== What needs to be done ==
Below are several records. Retype exactly those lines running from the one with "text \<open>t-adic (coefficientwise)" through the one with "section \<open>Binomial identities\<close>", end lines included, and no others.

== Saved entries ==
_____

definition graded_space :: "('k::field \<Rightarrow> 'v::ab_group_add \<Rightarrow> 'v) \<Rightarrow> 'v set \<Rightarrow> (int \<Rightarrow> 'v set) \<Rightarrow> bool" where
  "graded_space smul V L \<longleftrightarrow>
     vector_space smul \<and>
     (\<forall>p. 0 \<in> L p \<and> (\<forall>x\<in>L p. \<forall>y\<in>L p. x + y \<in> L p) \<and> (\<forall>c. \<forall>x\<in>L p. smul c x \<in> L p)) \<and>
     V = {v. \<exists>c. finite {p. c p \<noteq> 0} \<and> (\<forall>p. c p \<in> L p) \<and> v = sum c {p. c p \<noteq> 0}} \<and>
     (\<forall>c. finite {p. c p \<noteq> 0} \<and> (\<forall>p. c p \<in> L p) \<and> sum c {p. c p \<noteq> 0} = 0 \<longrightarrow> (\<forall>p. c p = 0))"

definition lin_on :: "('k::field \<Rightarrow> 'v::ab_group_add \<Rightarrow> 'v) \<Rightarrow> 'v set \<Rightarrow> ('v \<Rightarrow> 'v) \<Rightarrow> bool" where
  "lin_on smul V f \<longleftrightarrow> (\<forall>x\<in>V. f x \<in> V) \<and> (\<forall>x\<in>V. \<forall>y\<in>V. f (x + y) = f x + f y) \<and>
     (\<forall>c. \<forall>x\<in>V. f (smul c x) = smul c (f x))"

definition dg_Lie_algebra ::
  "('k::field \<Rightarrow> 'v::ab_group_add \<Rightarrow> 'v) \<Rightarrow> (int \<Rightarrow> 'v set) \<Rightarrow> ('v \<Rightarrow> 'v) \<Rightarrow> ('v \<Rightarrow> 'v \<Rightarrow> 'v) \<Rightarrow> bool" where
  "dg_Lie_algebra smul L d br \<longleftrightarrow>
     graded_space smul UNIV L \<and>
     lin_on smul UNIV d \<and> (\<forall>p x. x \<in> L p \<longrightarrow> d x \<in> L (p + 1)) \<and> (\<forall>x. d (d x) = 0) \<and>
     (\<forall>x. lin_on smul UNIV (br x)) \<and> (\<forall>y. lin_on smul UNIV (\<lambda>x. br x y)) \<and>
     (\<forall>p q x y. x \<in> L p \<longrightarrow> y \<in> L q \<longrightarrow> br x y \<in> L (p + q)) \<and>
     (\<forall>p q x y. x \<in> L p \<longrightarrow> y \<in> L q \<longrightarrow> br x y = - smul (psign (p * q)) (br y x)) \<and>
     (\<forall>p q x y z. x \<in> L p \<longrightarrow> y \<in> L q \<longrightarrow>
        br x (br y z) = br (br x y) z + smul (psign (p * q)) (br y (br x z))) \<and>
     (\<forall>p x y. x \<in> L p \<longrightarrow> d (br x y) = br (d x) y + smul (psign p) (br x (d y)))"

text \<open>op n a b is a_(n) b, so Y_-(a,z)b = sum_n (op n a b) z^(-n-1).
  HS is the notion of (possibly infinite) summation used to interpret the
  sum over k coming from e^{zT} in the skew-symmetry axiom (ii):
  HS c s means "the series sum_k c k has sum s".\<close>
definition dg_vertex_Lie_axioms ::
  "('k::field_char_0 \<Rightarrow> 'w::ab_group_add \<Rightarrow> 'w) \<Rightarrow> 'w set \<Rightarrow> (int \<Rightarrow> 'w set) \<Rightarrow> ('w \<Rightarrow> 'w) \<Rightarrow> ('w \<Rightarrow> 'w)
    \<Rightarrow> (nat \<Rightarrow> 'w \<Rightarrow> 'w \<Rightarrow> 'w) \<Rightarrow> ((nat \<Rightarrow> 'w) \<Rightarrow> 'w \<Rightarrow> bool) \<Rightarrow> bool" where
  "dg_vertex_Lie_axioms smul V W d T op HS \<longleftrightarrow>
     graded_space smul V W \<and>
     \<comment> \<open>(V,d) is a complex\<close>
     lin_on smul V d \<and> (\<forall>p x. x \<in> W p \<longrightarrow> d x \<in> W (p + 1)) \<and> (\<forall>x\<in>V. d (d x) = 0) \<and>
     \<comment> \<open>T is a degree-0 chain endomorphism\<close>
     lin_on smul V T \<and> (\<forall>p x. x \<in> W p \<longrightarrow> T x \<in> W p) \<and> (\<forall>x\<in>V. T (d x) = d (T x)) \<and>
     \<comment> \<open>the operations are bilinear of degree 0\<close>
     (\<forall>n. \<forall>a\<in>V. lin_on smul V (op n a)) \<and> (\<forall>n. \<forall>b\<in>V. lin_on smul V (\<lambda>a. op n a b)) \<and>
     (\<forall>n p q a b. a \<in> W p \<longrightarrow> b \<in> W q \<longrightarrow> op n a b \<in> W (p + q)) \<and>
     \<comment> \<open>(i) Y_-(Ta,z) = d/dz Y_-(a,z)\<close>
     (\<forall>n. \<forall>a\<in>V. \<forall>b\<in>V. op n (T a) b = smul (- of_nat n) (op (n - 1) a b)) \<and>
     \<comment> \<open>(ii) skew-symmetry, coefficient of z^(-n-1)\<close>
     (\<forall>n p q a b. a \<in> W p \<longrightarrow> b \<in> W q \<longrightarrow>
        HS (\<lambda>k. smul (psign (p * q) * (-1) ^ (n + k + 1) / fact k) ((T ^^ k) (op (n + k) b a))) (op n a b)) \<and>
     \<comment> \<open>(iii) commutator formula (graded commutator)\<close>
     (\<forall>m n p q a b c. a \<in> W p \<longrightarrow> b \<in> W q \<longrightarrow> c \<in> V \<longrightarrow>
        op m a (op n b c) - smul (psign (p * q)) (op n b (op m a c))
          = (\<Sum>i\<le>m. smul (of_nat (m choose i)) (op (m + n - i) (op i a b) c))) \<and>
     \<comment> \<open>(iv) [d, Y_-(a,z)] b = Y_-(da,z) b (graded commutator, |d| = 1)\<close>
     (\<forall>n p a b. a \<in> W p \<longrightarrow> b \<in> V \<longrightarrow>
        d (op n a b) - smul (psign p) (op n a (d b)) = op n (d a) b)"

text \<open>Finite summation (used in the plain notion, where locality makes the sum finite).\<close>
definition finite_has_sum :: "(nat \<Rightarrow> 'w::ab_group_add) \<Rightarrow> 'w \<Rightarrow> bool" where
  "finite_has_sum c s \<longleftrightarrow> finite {k. c k \<noteq> 0} \<and> s = sum c {k. c k \<noteq> 0}"

text \<open>The original notion: Y_- takes values in z^{-1} L[z^{-1}] (locality).\<close>
definition dg_vertex_Lie_algebra where
  "dg_vertex_Lie_algebra smul V W d T op \<longleftrightarrow>
     dg_vertex_Lie_axioms smul V W d T op finite_has_sum \<and>
     (\<forall>a\<in>V. \<forall>b\<in>V. finite {n. op n a b \<noteq> 0})"

text \<open>An element of l[[t]] is represented by its coefficient sequence f, f = sum_i f i \<otimes> t^i.\<close>

definition ps_smul :: "('k \<Rightarrow> 'v \<Rightarrow> 'v) \<Rightarrow> 'k \<Rightarrow> (nat \<Rightarrow> 'v) \<Rightarrow> (nat \<Rightarrow> 'v)" where
  "ps_smul smul c f = (\<lambda>i. smul c (f i))"

definition ps_grading :: "(int \<Rightarrow> 'v set) \<Rightarrow> int \<Rightarrow> (nat \<Rightarrow> 'v) set" where
  "ps_grading L p = {f. \<forall>i. f i \<in> L p}"

definition ps_carrier :: "(int \<Rightarrow> 'v::ab_group_add set) \<Rightarrow> (nat \<Rightarrow> 'v) set" where
  "ps_carrier L = {f. \<exists>c. finite {p. c p \<noteq> 0} \<and> (\<forall>p. c p \<in> ps_grading L p) \<and> f = sum c {p. c p \<noteq> 0}}"

definition ps_d :: "('v \<Rightarrow> 'v) \<Rightarrow> (nat \<Rightarrow> 'v) \<Rightarrow> (nat \<Rightarrow> 'v)" where
  "ps_d d f = (\<lambda>i. d (f i))"

definition ps_T :: "(nat \<Rightarrow> 'v::zero) \<Rightarrow> (nat \<Rightarrow> 'v)" where
  "ps_T f = (\<lambda>i. if i = 0 then 0 else f (i - 1))"

text \<open>(sum_i x_i t^i)_(n) (sum_j y_j t^j): coefficient of t^m collects the terms with
  i + j - n = m, i \<le> n \<le> i + j, i.e. i \<le> n and j = m + (n - i), with coefficient
  (-1)^i n!/(n-i)! j!/(j-n+i)! = (-1)^i n!/(n-i)! j!/m!.\<close>
definition ps_op :: "('k::field_char_0 \<Rightarrow> 'v::ab_group_add \<Rightarrow> 'v) \<Rightarrow> ('v \<Rightarrow> 'v \<Rightarrow> 'v)
    \<Rightarrow> nat \<Rightarrow> (nat \<Rightarrow> 'v) \<Rightarrow> (nat \<Rightarrow> 'v) \<Rightarrow> (nat \<Rightarrow> 'v)" where
  "ps_op smul br n f g = (\<lambda>m. \<Sum>i\<le>n.
      smul ((-1) ^ i * (fact n / fact (n - i)) * (fact (m + (n - i)) / fact m))
           (br (f i) (g (m + (n - i)))))"

text \<open>t-adic (coefficientwise) summation of a series of power series.\<close>
definition ps_has_sum :: "(nat \<Rightarrow> nat \<Rightarrow> 'v::ab_group_add) \<Rightarrow> (nat \<Rightarrow> 'v) \<Rightarrow> bool" where
  "ps_has_sum c s \<longleftrightarrow> (\<forall>m. finite {k. c k m \<noteq> 0} \<and> s m = (\<Sum>k | c k m \<noteq> 0. c k m))"

end

theory Submission
  imports Defs "HOL-Computational_Algebra.Formal_Power_Series"
begin

(* All axioms are verified coefficientwise in t. The coefficient of t^r in a_(n) b is
   sum_{i<=n} c n i r [a_i, b_(r+n-i)] with c n i r = (-1)^i n!/(n-i)! (r+n-i)!/r!
   (ps_op_coeff n i r below), so each axiom becomes a property of the bracket combined with
   an identity between the numbers c n i r.  Bilinearity, the degrees, (iv) and locality come
   from the corresponding properties of the bracket; (i) is the recursion
   c (n+1) (i+1) r = -(n+1) c n i r.  For (ii), antisymmetry expresses both sides through the
   brackets [a_i, b_j], and comparing coefficients leaves an alternating Chu-Vandermonde
   identity.  For (iii), the Jacobi identity expresses both sides through the [[a_i, b_j], c_k],
   and comparing coefficients leaves sum_l (-1)^l C(A,l) C(A+n-l, j-l) = C(n,j). *)

section \<open>Binomial identities\<close>

lemma alternating_choose_Vandermonde:
  assumes "i \<le> m + n"
  shows "(\<Sum>k\<le>m. (-1)^k * of_nat ((n+k) choose n) * of_nat (i choose (m-k)) :: 'a::field_char_0)
     = (if i \<le> n then (-1)^m * of_nat ((m+n-i) choose m) else 0)"
proof -
  have neg_choose: "(-1)^k * of_nat ((n+k) choose n) = ((- of_nat (n+1)) gchoose k :: 'a)" for k
  proof -
    have "((- of_nat (n+1)) gchoose k :: 'a) = (-1)^k * ((of_nat (n+1) + of_nat k - 1) gchoose k)"
      by (rule gbinomial_minus)
    also have "(of_nat (n+1) + of_nat k - 1 :: 'a) = of_nat (n+k)" by simp
    also have "(of_nat (n+k) gchoose k :: 'a) = of_nat ((n+k) choose k)"
      by (simp add: binomial_gbinomial)
    also have "(n+k) choose k = (n+k) choose n"
      using binomial_symmetric[of k "n+k"] by simp
    finally show ?thesis by simp
  qed
  have "(\<Sum>k\<le>m. (-1)^k * of_nat ((n+k) choose n) * of_nat (i choose (m-k)) :: 'a)
      = (\<Sum>k\<in>{0..m}. ((- of_nat (n+1)) gchoose k) * (of_nat i gchoose (m-k)))"
    by (simp only: neg_choose[symmetric] atLeast0AtMost binomial_gbinomial)
  also have "\<dots> = (- of_nat (n+1) + of_nat i) gchoose m"
    by (rule gbinomial_Vandermonde)
  also have "\<dots> = (if i \<le> n then (-1)^m * of_nat ((m+n-i) choose m) else 0)"
  proof (cases "i \<le> n")
    case True
    then have "(- of_nat (n+1) + of_nat i :: 'a) = - of_nat (n+1-i)" by (simp add: of_nat_diff)
    then have "((- of_nat (n+1) + of_nat i) gchoose m :: 'a)
        = (-1)^m * ((of_nat (n+1-i) + of_nat m - 1) gchoose m)"
      by (simp add: gbinomial_minus)
    also have "(of_nat (n+1-i) + of_nat m - 1 :: 'a) = of_nat (m+n-i)"
      using True by (simp add: of_nat_diff)
    finally show ?thesis
      using True by (simp add: binomial_gbinomial)
  next
    case False
    then have "(- of_nat (n+1) + of_nat i :: 'a) = of_nat (i-n-1)" by (simp add: of_nat_diff)
    then have "((- of_nat (n+1) + of_nat i) gchoose m :: 'a) = of_nat ((i-n-1) choose m)"
      by (simp add: binomial_gbinomial)
    also have "(i-n-1) choose m = 0" using False assms by (simp add: binomial_eq_0)
    finally show ?thesis using False by simp
  qed
  finally show ?thesis .
qed

lemma alternating_choose_convolution:
  "(\<Sum>l\<le>j. (-1)^l * int (A choose l) * int ((A+n-l) choose (j-l))) = int (n choose j)"
proof (induction A arbitrary: n j)
  case 0
  have "(\<Sum>l\<le>j. (-1)^l * int (0 choose l) * int ((0+n-l) choose (j-l)))
      = (\<Sum>l\<in>{0}. (-1)^l * int (0 choose l) * int ((0+n-l) choose (j-l)))"
    by (rule sum.mono_neutral_right) auto
  then show ?case by simp
next
  case (Suc A)
  show ?case
  proof (cases j)
    case 0
    then show ?thesis by simp
  next
    case (Suc j')
    let ?u = "\<lambda>B l. (-1)^(Suc l) * int (B choose Suc l) * int ((A+n-l) choose (j'-l))"
    let ?v = "\<lambda>l. (-1)^l * int (A choose l) * int ((A+n-l) choose (j'-l))"
    have "(\<Sum>l\<le>Suc j'. (-1)^l * int (Suc A choose l) * int ((Suc A+n-l) choose (Suc j'-l)))
      = int ((Suc A + n) choose Suc j') + (\<Sum>l\<le>j'. ?u (Suc A) l)"
      by (subst sum.atMost_Suc_shift) simp
    moreover have "(\<Sum>l\<le>j'. ?u (Suc A) l) = (\<Sum>l\<le>j'. ?u A l) - (\<Sum>l\<le>j'. ?v l)"
      by (simp add: sum_subtractf[symmetric] algebra_simps, rule sum.cong, auto)
    moreover have "(\<Sum>l\<le>Suc j'. (-1)^l * int (A choose l) * int ((A+Suc n-l) choose (Suc j'-l)))
      = int ((A + Suc n) choose Suc j') + (\<Sum>l\<le>j'. ?u A l)"
      by (subst sum.atMost_Suc_shift) simp
    ultimately show ?thesis
      using Suc.IH[of "Suc n" "Suc j'"] Suc.IH[of n j'] \<open>j = Suc j'\<close> by simp
  qed
qed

_____

== Response to this task ==
text \<open>t-adic (coefficientwise) summation of a series of power series.\<close>
definition ps_has_sum :: "(nat \<Rightarrow> nat \<Rightarrow> 'v::ab_group_add) \<Rightarrow> (nat \<Rightarrow> 'v) \<Rightarrow> bool" where
  "ps_has_sum c s \<longleftrightarrow> (\<forall>m. finite {k. c k m \<noteq> 0} \<and> s m = (\<Sum>k | c k m \<noteq> 0. c k m))"

end

theory Submission
  imports Defs "HOL-Computational_Algebra.Formal_Power_Series"
begin

(* All axioms are verified coefficientwise in t. The coefficient of t^r in a_(n) b is
   sum_{i<=n} c n i r [a_i, b_(r+n-i)] with c n i r = (-1)^i n!/(n-i)! (r+n-i)!/r!
   (ps_op_coeff n i r below), so each axiom becomes a property of the bracket combined with
   an identity between the numbers c n i r.  Bilinearity, the degrees, (iv) and locality come
   from the corresponding properties of the bracket; (i) is the recursion
   c (n+1) (i+1) r = -(n+1) c n i r.  For (ii), antisymmetry expresses both sides through the
   brackets [a_i, b_j], and comparing coefficients leaves an alternating Chu-Vandermonde
   identity.  For (iii), the Jacobi identity expresses both sides through the [[a_i, b_j], c_k],
   and comparing coefficients leaves sum_l (-1)^l C(A,l) C(A+n-l, j-l) = C(n,j). *)

section \<open>Binomial identities\<close>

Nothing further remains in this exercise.